### Exercise requirements
The expected output is the set of lines below beginning at the one that contains "using Kbar_eq_overlap_sum[OF assms(2,3,4)]" and ending at the final line, reproduced exactly.

(Beginning of Input material)

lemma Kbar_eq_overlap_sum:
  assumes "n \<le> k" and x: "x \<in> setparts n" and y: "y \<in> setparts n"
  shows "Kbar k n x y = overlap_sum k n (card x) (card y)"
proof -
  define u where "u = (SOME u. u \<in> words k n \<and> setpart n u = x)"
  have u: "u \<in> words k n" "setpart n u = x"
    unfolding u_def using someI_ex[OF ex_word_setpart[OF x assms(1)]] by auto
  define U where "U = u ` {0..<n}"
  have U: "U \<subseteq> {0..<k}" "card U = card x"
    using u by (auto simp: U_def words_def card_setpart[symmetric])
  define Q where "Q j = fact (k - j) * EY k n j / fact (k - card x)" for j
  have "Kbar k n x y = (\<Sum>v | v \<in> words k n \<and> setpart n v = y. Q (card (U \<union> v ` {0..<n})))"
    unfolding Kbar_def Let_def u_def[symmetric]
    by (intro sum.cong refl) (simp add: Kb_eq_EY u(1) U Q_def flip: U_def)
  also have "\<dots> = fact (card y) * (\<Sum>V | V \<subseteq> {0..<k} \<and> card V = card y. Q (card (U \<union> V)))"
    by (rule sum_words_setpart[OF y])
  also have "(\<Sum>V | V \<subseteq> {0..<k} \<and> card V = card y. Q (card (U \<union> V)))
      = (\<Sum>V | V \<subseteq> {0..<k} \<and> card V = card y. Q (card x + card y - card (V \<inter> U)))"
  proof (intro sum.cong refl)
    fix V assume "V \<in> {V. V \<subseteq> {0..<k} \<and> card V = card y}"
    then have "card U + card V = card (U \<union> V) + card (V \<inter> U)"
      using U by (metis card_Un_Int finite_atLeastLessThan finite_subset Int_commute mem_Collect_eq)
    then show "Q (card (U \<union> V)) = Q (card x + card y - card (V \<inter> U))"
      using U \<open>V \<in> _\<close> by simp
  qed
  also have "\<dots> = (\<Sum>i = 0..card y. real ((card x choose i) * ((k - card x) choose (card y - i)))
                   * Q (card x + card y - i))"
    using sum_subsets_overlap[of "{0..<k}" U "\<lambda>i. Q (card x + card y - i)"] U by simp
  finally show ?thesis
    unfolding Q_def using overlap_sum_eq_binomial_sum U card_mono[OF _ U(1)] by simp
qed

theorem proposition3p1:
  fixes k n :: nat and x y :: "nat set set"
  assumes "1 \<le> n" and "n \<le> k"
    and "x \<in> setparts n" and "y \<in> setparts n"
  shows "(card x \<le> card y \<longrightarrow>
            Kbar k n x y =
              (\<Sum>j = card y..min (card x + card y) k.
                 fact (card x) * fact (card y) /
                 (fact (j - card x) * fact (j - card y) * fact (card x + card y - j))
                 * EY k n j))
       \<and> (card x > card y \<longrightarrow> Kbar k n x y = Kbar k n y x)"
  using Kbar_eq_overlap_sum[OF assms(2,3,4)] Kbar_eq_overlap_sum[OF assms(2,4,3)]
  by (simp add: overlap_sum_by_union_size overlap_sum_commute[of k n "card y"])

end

(End of Input material)

### Task solution
  using Kbar_eq_overlap_sum[OF assms(2,3,4)] Kbar_eq_overlap_sum[OF assms(2,4,3)]
  by (simp add: overlap_sum_by_union_size overlap_sum_commute[of k n "card y"])

end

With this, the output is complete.